_TO DO_: Of the entries below, return exactly those lines that fall between the one containing "(simp add: euclidean_product_topology)" and the one containing "continuous_on_product_coordinates continuous_on_const)", the two end lines included.

_Records from a data collection_:
(* In the setting of the context, assume $\mathbf{A}^{-1}$ exists and $\mathbf{Q}_\Delta$ is given by the LU trick. Then for every $k\in\mathbb{N}$ there exist constants $c>0$, $c'\ge0$ and $\mu^*>0$ such that for all $\mu\ge\mu^*$, $$\Big\|\mathbf{C}\big(\mathbf{I}_{LMN}-\hat{\mathbf{P}}^{-1}\mathbf{C}\big)^k\Big\|\le\mu\Big(c\,\big\|\mathbf{I}_L\otimes(\mathbf{I}_M-\mathbf{Q}_\Delta^{-1}\mathbf{Q})^k\otimes\mathbf{I}_N\big\|+\frac{c'}{\mu}\Big),$$ i.e. the norm is bounded by $\mu\big(c\|\mathbf{I}_L\otimes(\mathbf{I}_M-\mathbf{Q}_\Delta^{-1}\mathbf{Q})^k\otimes\mathbf{I}_N\|+\mathcal{O}(1/\mu)\big)$.
   Context: Fix positive integers $L,M,N$. $\mathbf{Q}=(q_{m,j})\in\mathbb{R}^{M\times M}$ with $q_{m,j}=\int_0^{\tau_m}\ell_j(s)\,ds$ is the collocation matrix for the (right) Gauss–Radau nodes $0<\tau_1<\dots<\tau_M=1$ on $[0,1]$ ($\ell_j$ Lagrange basis polynomials). LU trick: $\mathbf{Q}^T=\mathbf{L}_Q\mathbf{U}_Q$ with $\mathbf{L}_Q$ unit lower triangular and $\mathbf{U}_Q$ upper triangular, $\mathbf{Q}_\Delta=\mathbf{U}_Q^T$. $\mathbf{A}\in\mathbb{C}^{N\times N}$, $\mu>0$. $\mathbf{N}_M\in\mathbb{R}^{M\times M}$ has ones in its last column and zeros elsewhere, $\mathbf{H}=\mathbf{N}_M\otimes\mathbf{I}_N$, $\mathbf{E}\in\mathbb{R}^{L\times L}$ has ones on the first subdiagonal and zeros elsewhere. $\mathbf{C}=\mathbf{I}_{LMN}-\mu\,\mathbf{I}_L\otimes\mathbf{Q}\otimes\mathbf{A}-\mathbf{E}\otimes\mathbf{H}$, $\hat{\mathbf{P}}=\mathbf{I}_{LMN}-\mu\,\mathbf{I}_L\otimes\mathbf{Q}_\Delta\otimes\mathbf{A}$ (assumed invertible). $\|\cdot\|$ is any induced matrix norm. *)

theory Defs
  imports "HOL-Analysis.Analysis" "Jordan_Normal_Form.Matrix"
begin

definition kron :: "'a::times mat \<Rightarrow> 'a mat \<Rightarrow> 'a mat" where
  "kron A B = mat (dim_row A * dim_row B) (dim_col A * dim_col B)
     (\<lambda>(i,j). A $$ (i div dim_row B, j div dim_col B) * B $$ (i mod dim_row B, j mod dim_col B))"

(* inverse of an n x n matrix (meaningful when it is invertible) *)
definition inv_mat :: "nat \<Rightarrow> 'a::semiring_1 mat \<Rightarrow> 'a mat" where
  "inv_mat n A = (THE B. B \<in> carrier_mat n n \<and> A * B = 1\<^sub>m n \<and> B * A = 1\<^sub>m n)"

(* Lagrange basis polynomial l_j for nodes tau 0, ..., tau (M-1) (0-based indices) *)
definition lagrange_basis :: "nat \<Rightarrow> (nat \<Rightarrow> real) \<Rightarrow> nat \<Rightarrow> real \<Rightarrow> real" where
  "lagrange_basis M tau j s = (\<Prod>i\<in>{0..<M}-{j}. (s - tau i) / (tau j - tau i))"

definition right_radau_nodes :: "nat \<Rightarrow> (nat \<Rightarrow> real) \<Rightarrow> bool" where
  "right_radau_nodes M tau \<longleftrightarrow> M \<ge> 1 \<and> 0 < tau 0 \<and> tau (M - 1) = 1 \<and>
     (\<forall>i j. i < j \<and> j < M \<longrightarrow> tau i < tau j) \<and>
     (\<forall>p :: real poly. degree p \<le> 2 * M - 2 \<longrightarrow>
        integral {0..1} (poly p) =
        (\<Sum>j<M. integral {0..1} (lagrange_basis M tau j) * poly p (tau j)))"

definition coll_mat :: "nat \<Rightarrow> (nat \<Rightarrow> real) \<Rightarrow> real mat" where
  "coll_mat M tau = mat M M (\<lambda>(m,j). integral {0..tau m} (lagrange_basis M tau j))"

definition last_col_ones :: "nat \<Rightarrow> 'a::{zero,one} mat" where
  "last_col_ones M = mat M M (\<lambda>(i,j). if j = M - 1 then 1 else 0)"

definition subdiag_ones :: "nat \<Rightarrow> 'a::{zero,one} mat" where
  "subdiag_ones L = mat L L (\<lambda>(i,j). if i = j + 1 then 1 else 0)"

definition lower_unitri :: "nat \<Rightarrow> 'a::{zero,one} mat \<Rightarrow> bool" where
  "lower_unitri n A \<longleftrightarrow> A \<in> carrier_mat n n \<and> (\<forall>i<n. A $$ (i,i) = 1) \<and>
     (\<forall>i<n. \<forall>j<n. i < j \<longrightarrow> A $$ (i,j) = 0)"

definition upper_tri :: "nat \<Rightarrow> 'a::zero mat \<Rightarrow> bool" where
  "upper_tri n A \<longleftrightarrow> A \<in> carrier_mat n n \<and> (\<forall>i<n. \<forall>j<n. j < i \<longrightarrow> A $$ (i,j) = 0)"

definition is_vec_norm :: "nat \<Rightarrow> (complex vec \<Rightarrow> real) \<Rightarrow> bool" where
  "is_vec_norm n nv \<longleftrightarrow>
     (\<forall>x\<in>carrier_vec n. nv x \<ge> 0 \<and> (nv x = 0 \<longleftrightarrow> x = 0\<^sub>v n)) \<and>
     (\<forall>x\<in>carrier_vec n. \<forall>a. nv (a \<cdot>\<^sub>v x) = cmod a * nv x) \<and>
     (\<forall>x\<in>carrier_vec n. \<forall>y\<in>carrier_vec n. nv (x + y) \<le> nv x + nv y)"

definition induced_norm :: "nat \<Rightarrow> (complex vec \<Rightarrow> real) \<Rightarrow> complex mat \<Rightarrow> real" where
  "induced_norm n nv B = Sup {nv (B *\<^sub>v x) | x. x \<in> carrier_vec n \<and> nv x = 1}"

definition cmat :: "real mat \<Rightarrow> complex mat" where
  "cmat B = map_mat complex_of_real B"

end

theory Submission
  imports Defs "Jordan_Normal_Form.Determinant"
begin

text \<open>
  Write \<open>T(\<mu>) = I - P\<^sup>-\<^sup>1 C\<close> for the iteration matrix and \<open>T\<^sub>0 = I \<otimes> (I - Q\<^sub>\<Delta>\<^sup>-\<^sup>1 Q) \<otimes> I\<close>.
  The collocation matrix \<open>Q\<close> is invertible, and so is \<open>Q\<^sub>\<Delta>\<close>, the LU factor \<open>L\<^sub>Q\<close> having
  determinant \<open>1\<close>. Hence \<open>B = I \<otimes> Q\<^sub>\<Delta> \<otimes> A\<close> is invertible and \<open>\<parallel>P\<^sup>-\<^sup>1\<parallel> = O(1/\<mu>)\<close> for
  \<open>P = I - \<mu> B\<close>. Since \<open>Q\<^sub>\<Delta> (I - Q\<^sub>\<Delta>\<^sup>-\<^sup>1 Q) = Q\<^sub>\<Delta> - Q\<close>, the matrices satisfy \<open>B T\<^sub>0 = B - G\<close>
  for \<open>G = I \<otimes> Q \<otimes> A\<close>; writing \<open>C = I - \<mu> G - F\<close> with \<open>F = E \<otimes> H\<close>, this gives \<open>T(\<mu>) - T\<^sub>0 = P\<^sup>-\<^sup>1 (F - T\<^sub>0)\<close>, which is \<open>O(1/\<mu>)\<close>.
  Therefore \<open>T(\<mu>)\<^sup>k = T\<^sub>0\<^sup>k + O(1/\<mu>)\<close>, and as \<open>\<parallel>C\<parallel> = O(\<mu>)\<close>,
  \<open>\<parallel>C T(\<mu>)\<^sup>k\<parallel> \<le> \<parallel>C\<parallel> (\<parallel>T\<^sub>0\<^sup>k\<parallel> + O(1/\<mu>)) = \<mu> (c \<parallel>T\<^sub>0\<^sup>k\<parallel> + O(1/\<mu>))\<close>.
\<close>

section \<open>Vector norms and induced matrix norms on \<open>\<complex>\<^sup>n\<close>\<close>

lemma compact_l1_unit_sphere:
  "compact {f::nat \<Rightarrow> complex. (\<forall>i\<ge>n. f i = 0) \<and> (\<Sum>i<n. cmod (f i)) = 1}"
proof -
  define K where "K = (\<lambda>i::nat. if i < n then cball (0::complex) 1 else {0})"
  have "compactin (product_topology (\<lambda>i. euclidean) UNIV) (PiE UNIV K)"
    by (subst compactin_PiE) (auto simp: K_def)
  then have "compact (PiE UNIV K)" by (simp add: euclidean_product_topology)
  moreover have "closed {f::nat \<Rightarrow> complex. (\<Sum>i<n. cmod (f i)) = 1}"
    by (intro closed_Collect_eq continuous_intros continuous_on_norm
        continuous_on_product_coordinates continuous_on_const)
  ultimately have "compact (PiE UNIV K \<inter> {f. (\<Sum>i<n. cmod (f i)) = 1})" by (rule compact_Int_closed)
  moreover have "f \<in> PiE UNIV K \<longleftrightarrow> (\<forall>i\<ge>n. f i = 0)" if "(\<Sum>i<n. cmod (f i)) = 1" for f
  proof -
    have "cmod (f i) \<le> 1" if "i < n" for i
      using \<open>(\<Sum>i<n. cmod (f i)) = 1\<close> member_le_sum[of i "{..<n}" "\<lambda>i. cmod (f i)"] that by simp
    then show ?thesis by (auto simp: K_def PiE_iff not_less)
  qed
  then have "PiE UNIV K \<inter> {f. (\<Sum>i<n. cmod (f i)) = 1} =
      {f. (\<forall>i\<ge>n. f i = 0) \<and> (\<Sum>i<n. cmod (f i)) = 1}"
    by blast
  ultimately show ?thesis by simp
qed

context
  fixes n :: nat and nv :: "complex vec \<Rightarrow> real"
  assumes nv: "is_vec_norm n nv"
begin

lemma vec_norm_nonneg: "x \<in> carrier_vec n \<Longrightarrow> nv x \<ge> 0"
  using nv unfolding is_vec_norm_def by blast

lemma vec_norm_eq_0_iff: "x \<in> carrier_vec n \<Longrightarrow> nv x = 0 \<longleftrightarrow> x = 0\<^sub>v n"
  using nv unfolding is_vec_norm_def by blast

lemma vec_norm_smult: "x \<in> carrier_vec n \<Longrightarrow> nv (a \<cdot>\<^sub>v x) = cmod a * nv x"
  using nv unfolding is_vec_norm_def by blast

lemma vec_norm_triangle: "x \<in> carrier_vec n \<Longrightarrow> y \<in> carrier_vec n \<Longrightarrow> nv (x + y) \<le> nv x + nv y"
  using nv unfolding is_vec_norm_def by blast

lemma vec_norm_pos: "x \<in> carrier_vec n \<Longrightarrow> x \<noteq> 0\<^sub>v n \<Longrightarrow> nv x > 0"
  using vec_norm_nonneg vec_norm_eq_0_iff by force

lemma vec_norm_le_diff_add:
  assumes "x \<in> carrier_vec n" "y \<in> carrier_vec n"
  shows "nv x \<le> nv (x - y) + nv y"
proof -
  have "x = (x - y) + y" using assms by (intro eq_vecI) auto
  then show ?thesis using vec_norm_triangle[of "x - y" y] assms by (metis minus_carrier_vec)
qed

lemma vec_norm_minus_commute:
  assumes "x \<in> carrier_vec n" "y \<in> carrier_vec n"
  shows "nv (x - y) = nv (y - x)"
proof -
  have "x - y = (-1) \<cdot>\<^sub>v (y - x)" using assms by (intro eq_vecI) auto
  then show ?thesis using vec_norm_smult[of "y - x" "-1"] assms by simp
qed

lemma vec_norm_le_sum_unit_vec:
  assumes x: "x \<in> carrier_vec n"
  shows "nv x \<le> (\<Sum>i<n. cmod (x $ i) * nv (unit_vec n i))"
proof -
  have "nv (vec n (\<lambda>j. if j < k then x $ j else 0)) \<le> (\<Sum>i<k. cmod (x $ i) * nv (unit_vec n i))"
    if "k \<le> n" for k
    using that
  proof (induction k)
    case 0
    have "vec n (\<lambda>j. if j < 0 then x $ j else 0) = 0\<^sub>v n" by (intro eq_vecI) auto
    then show ?case using vec_norm_eq_0_iff[of "0\<^sub>v n"] by simp
  next
    case (Suc k)
    have "vec n (\<lambda>j. if j < Suc k then x $ j else 0) =
        vec n (\<lambda>j. if j < k then x $ j else 0) + (x $ k) \<cdot>\<^sub>v unit_vec n k"
      using Suc.prems by (intro eq_vecI) (auto simp: unit_vec_def less_Suc_eq)
    then have "nv (vec n (\<lambda>j. if j < Suc k then x $ j else 0)) \<le>
        nv (vec n (\<lambda>j. if j < k then x $ j else 0)) + cmod (x $ k) * nv (unit_vec n k)"
      using vec_norm_triangle[of "vec n (\<lambda>j. if j < k then x $ j else 0)" "(x $ k) \<cdot>\<^sub>v unit_vec n k"]
        vec_norm_smult[of "unit_vec n k" "x $ k"] by simp
    then show ?case using Suc by simp
  qed
  moreover have "vec n (\<lambda>j. if j < n then x $ j else 0) = x" using x by (intro eq_vecI) auto
  ultimately show ?thesis by (metis order_refl)
qed

lemma vec_norm_le_l1_norm:
  assumes "x \<in> carrier_vec n"
  shows "nv x \<le> (\<Sum>i<n. cmod (x $ i)) * (\<Sum>i<n. nv (unit_vec n i))"
proof -
  have "nv x \<le> (\<Sum>i<n. cmod (x $ i) * nv (unit_vec n i))"
    using assms by (rule vec_norm_le_sum_unit_vec)
  also have "\<dots> \<le> (\<Sum>i<n. cmod (x $ i) * (\<Sum>i<n. nv (unit_vec n i)))"
    by (intro sum_mono mult_left_mono member_le_sum) (auto intro: vec_norm_nonneg)
  finally show ?thesis by (simp add: sum_distrib_right)
qed

lemma l1_norm_pos:
  assumes "x \<in> carrier_vec n" "x \<noteq> 0\<^sub>v n"
  shows "(\<Sum>i<n. cmod (x $ i)) > 0"
proof -
  obtain i where i: "i < n" "x $ i \<noteq> 0"
    using assms by (metis eq_vecI index_zero_vec carrier_vecD dim_vec)
  have "cmod (x $ i) \<le> (\<Sum>i<n. cmod (x $ i))" using i by (intro member_le_sum) auto
  moreover have "cmod (x $ i) > 0" using i by simp
  ultimately show ?thesis by linarith
qed

lemma continuous_on_vec_norm: "continuous_on UNIV (\<lambda>f::nat \<Rightarrow> complex. nv (vec n f))"
proof -
  define cu where "cu = (\<Sum>i<n. nv (unit_vec n i))"
  have "isCont (\<lambda>f::nat \<Rightarrow> complex. nv (vec n f)) f" for f
  proof -
    have coord: "isCont (\<lambda>h::nat \<Rightarrow> complex. h i) f" for i
      by (metis continuous_on_product_coordinates continuous_on_eq_continuous_at open_UNIV UNIV_I)
    have lim: "((\<lambda>h. (\<Sum>i<n. cmod (h i - f i)) * cu) \<longlongrightarrow> (\<Sum>i<n. cmod (f i - f i)) * cu) (at f)"
      by (intro tendsto_intros isCont_tendsto_compose[OF coord] tendsto_ident_at)
    have "\<bar>nv (vec n h) - nv (vec n f)\<bar> \<le> (\<Sum>i<n. cmod (h i - f i)) * cu" for h
    proof -
      have "nv (vec n h - vec n f) \<le> (\<Sum>i<n. cmod (h i - f i)) * cu"
        using vec_norm_le_l1_norm[of "vec n h - vec n f"] by (simp add: cu_def)
      moreover have "nv (vec n h - vec n f) = nv (vec n f - vec n h)"
        by (intro vec_norm_minus_commute) auto
      moreover have "nv (vec n h) \<le> nv (vec n h - vec n f) + nv (vec n f)"
        "nv (vec n f) \<le> nv (vec n f - vec n h) + nv (vec n h)"
        by (simp_all add: vec_norm_le_diff_add)
      ultimately show ?thesis by linarith
    qed
    then have "((\<lambda>h. nv (vec n h) - nv (vec n f)) \<longlongrightarrow> 0) (at f)"
      by (intro Lim_null_comparison[OF _ lim[simplified]] always_eventually) auto
    then show ?thesis unfolding isCont_def by (simp add: LIM_zero_iff)
  qed
  then show ?thesis by (simp add: continuous_on_eq_continuous_at)
qed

_TASK SOLUTION_:
  then have "compact (PiE UNIV K)" by (simp add: euclidean_product_topology)
  moreover have "closed {f::nat \<Rightarrow> complex. (\<Sum>i<n. cmod (f i)) = 1}"
    by (intro closed_Collect_eq continuous_intros continuous_on_norm
        continuous_on_product_coordinates continuous_on_const)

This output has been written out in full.